<<<<

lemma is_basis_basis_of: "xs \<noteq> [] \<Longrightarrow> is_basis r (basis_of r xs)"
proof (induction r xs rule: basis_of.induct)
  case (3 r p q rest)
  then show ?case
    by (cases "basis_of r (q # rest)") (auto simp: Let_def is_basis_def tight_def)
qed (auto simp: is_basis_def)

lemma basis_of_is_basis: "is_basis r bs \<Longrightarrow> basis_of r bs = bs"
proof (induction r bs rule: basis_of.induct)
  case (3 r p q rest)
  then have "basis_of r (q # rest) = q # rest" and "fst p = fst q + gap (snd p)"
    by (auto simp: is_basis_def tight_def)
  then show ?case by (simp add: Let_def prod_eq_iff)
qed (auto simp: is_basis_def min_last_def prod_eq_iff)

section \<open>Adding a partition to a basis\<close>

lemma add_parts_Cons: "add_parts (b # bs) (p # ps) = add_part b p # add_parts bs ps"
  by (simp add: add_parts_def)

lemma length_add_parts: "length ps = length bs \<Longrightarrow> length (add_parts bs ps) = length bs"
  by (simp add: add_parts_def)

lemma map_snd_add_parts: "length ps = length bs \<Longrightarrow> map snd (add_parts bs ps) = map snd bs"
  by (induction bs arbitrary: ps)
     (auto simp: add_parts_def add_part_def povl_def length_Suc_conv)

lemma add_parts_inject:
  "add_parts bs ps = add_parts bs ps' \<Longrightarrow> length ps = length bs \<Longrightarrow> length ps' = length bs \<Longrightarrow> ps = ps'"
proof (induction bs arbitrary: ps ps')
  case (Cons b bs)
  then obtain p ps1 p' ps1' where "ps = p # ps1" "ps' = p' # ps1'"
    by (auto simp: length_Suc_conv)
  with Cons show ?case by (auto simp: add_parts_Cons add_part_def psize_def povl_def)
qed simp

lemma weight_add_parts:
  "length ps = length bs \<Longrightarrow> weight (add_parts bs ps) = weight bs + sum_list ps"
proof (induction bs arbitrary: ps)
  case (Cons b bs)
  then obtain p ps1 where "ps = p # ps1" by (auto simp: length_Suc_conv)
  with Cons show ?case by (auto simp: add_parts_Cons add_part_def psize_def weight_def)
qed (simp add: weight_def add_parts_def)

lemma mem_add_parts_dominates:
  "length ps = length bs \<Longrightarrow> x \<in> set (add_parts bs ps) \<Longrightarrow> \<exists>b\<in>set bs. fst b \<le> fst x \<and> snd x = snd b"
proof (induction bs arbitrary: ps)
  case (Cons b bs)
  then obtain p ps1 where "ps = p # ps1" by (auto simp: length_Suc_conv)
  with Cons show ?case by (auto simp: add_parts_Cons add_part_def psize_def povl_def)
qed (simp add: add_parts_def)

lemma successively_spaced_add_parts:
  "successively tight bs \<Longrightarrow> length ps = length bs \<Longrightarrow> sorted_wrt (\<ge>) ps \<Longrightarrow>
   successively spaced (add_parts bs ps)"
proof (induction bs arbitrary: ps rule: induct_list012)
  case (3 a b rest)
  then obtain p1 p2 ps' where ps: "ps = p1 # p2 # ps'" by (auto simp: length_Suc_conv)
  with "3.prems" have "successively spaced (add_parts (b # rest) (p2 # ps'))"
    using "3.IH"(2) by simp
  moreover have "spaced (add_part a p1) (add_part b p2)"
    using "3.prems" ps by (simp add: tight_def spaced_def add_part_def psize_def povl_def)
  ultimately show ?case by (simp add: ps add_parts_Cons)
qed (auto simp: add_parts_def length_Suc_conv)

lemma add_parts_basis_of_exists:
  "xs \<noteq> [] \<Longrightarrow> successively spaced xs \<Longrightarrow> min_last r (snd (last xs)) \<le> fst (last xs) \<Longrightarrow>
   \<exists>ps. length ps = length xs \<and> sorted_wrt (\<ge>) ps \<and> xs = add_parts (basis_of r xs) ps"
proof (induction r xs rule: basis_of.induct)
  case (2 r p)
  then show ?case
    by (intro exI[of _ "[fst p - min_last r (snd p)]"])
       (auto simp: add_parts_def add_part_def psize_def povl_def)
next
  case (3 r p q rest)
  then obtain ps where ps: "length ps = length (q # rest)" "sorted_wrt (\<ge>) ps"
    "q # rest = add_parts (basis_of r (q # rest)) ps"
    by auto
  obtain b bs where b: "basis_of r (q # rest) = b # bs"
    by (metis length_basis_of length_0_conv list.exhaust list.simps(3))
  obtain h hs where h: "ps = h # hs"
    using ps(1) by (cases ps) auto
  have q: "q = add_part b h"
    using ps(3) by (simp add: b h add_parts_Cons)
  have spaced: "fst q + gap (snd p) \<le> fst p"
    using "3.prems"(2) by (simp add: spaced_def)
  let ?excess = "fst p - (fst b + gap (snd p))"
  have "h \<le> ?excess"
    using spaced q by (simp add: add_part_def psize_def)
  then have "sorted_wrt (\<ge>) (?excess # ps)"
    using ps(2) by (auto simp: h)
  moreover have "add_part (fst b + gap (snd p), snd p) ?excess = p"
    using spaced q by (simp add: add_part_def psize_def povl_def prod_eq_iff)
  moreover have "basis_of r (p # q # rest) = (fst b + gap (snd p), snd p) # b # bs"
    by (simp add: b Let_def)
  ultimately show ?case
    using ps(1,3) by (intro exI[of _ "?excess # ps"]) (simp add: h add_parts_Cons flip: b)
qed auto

>>>>

#### TASK REQUIREMENTS
Each line above that contains "using" must be copied out.

#### REPLY
    using "3.IH"(2) by simp
    using "3.prems" ps by (simp add: tight_def spaced_def add_part_def psize_def povl_def)
    using ps(1) by (cases ps) auto
    using ps(3) by (simp add: b h add_parts_Cons)
    using "3.prems"(2) by (simp add: spaced_def)
    using spaced q by (simp add: add_part_def psize_def)
    using ps(2) by (auto simp: h)
    using spaced q by (simp add: add_part_def psize_def povl_def prod_eq_iff)
    using ps(1,3) by (intro exI[of _ "?excess # ps"]) (simp add: h add_parts_Cons flip: b)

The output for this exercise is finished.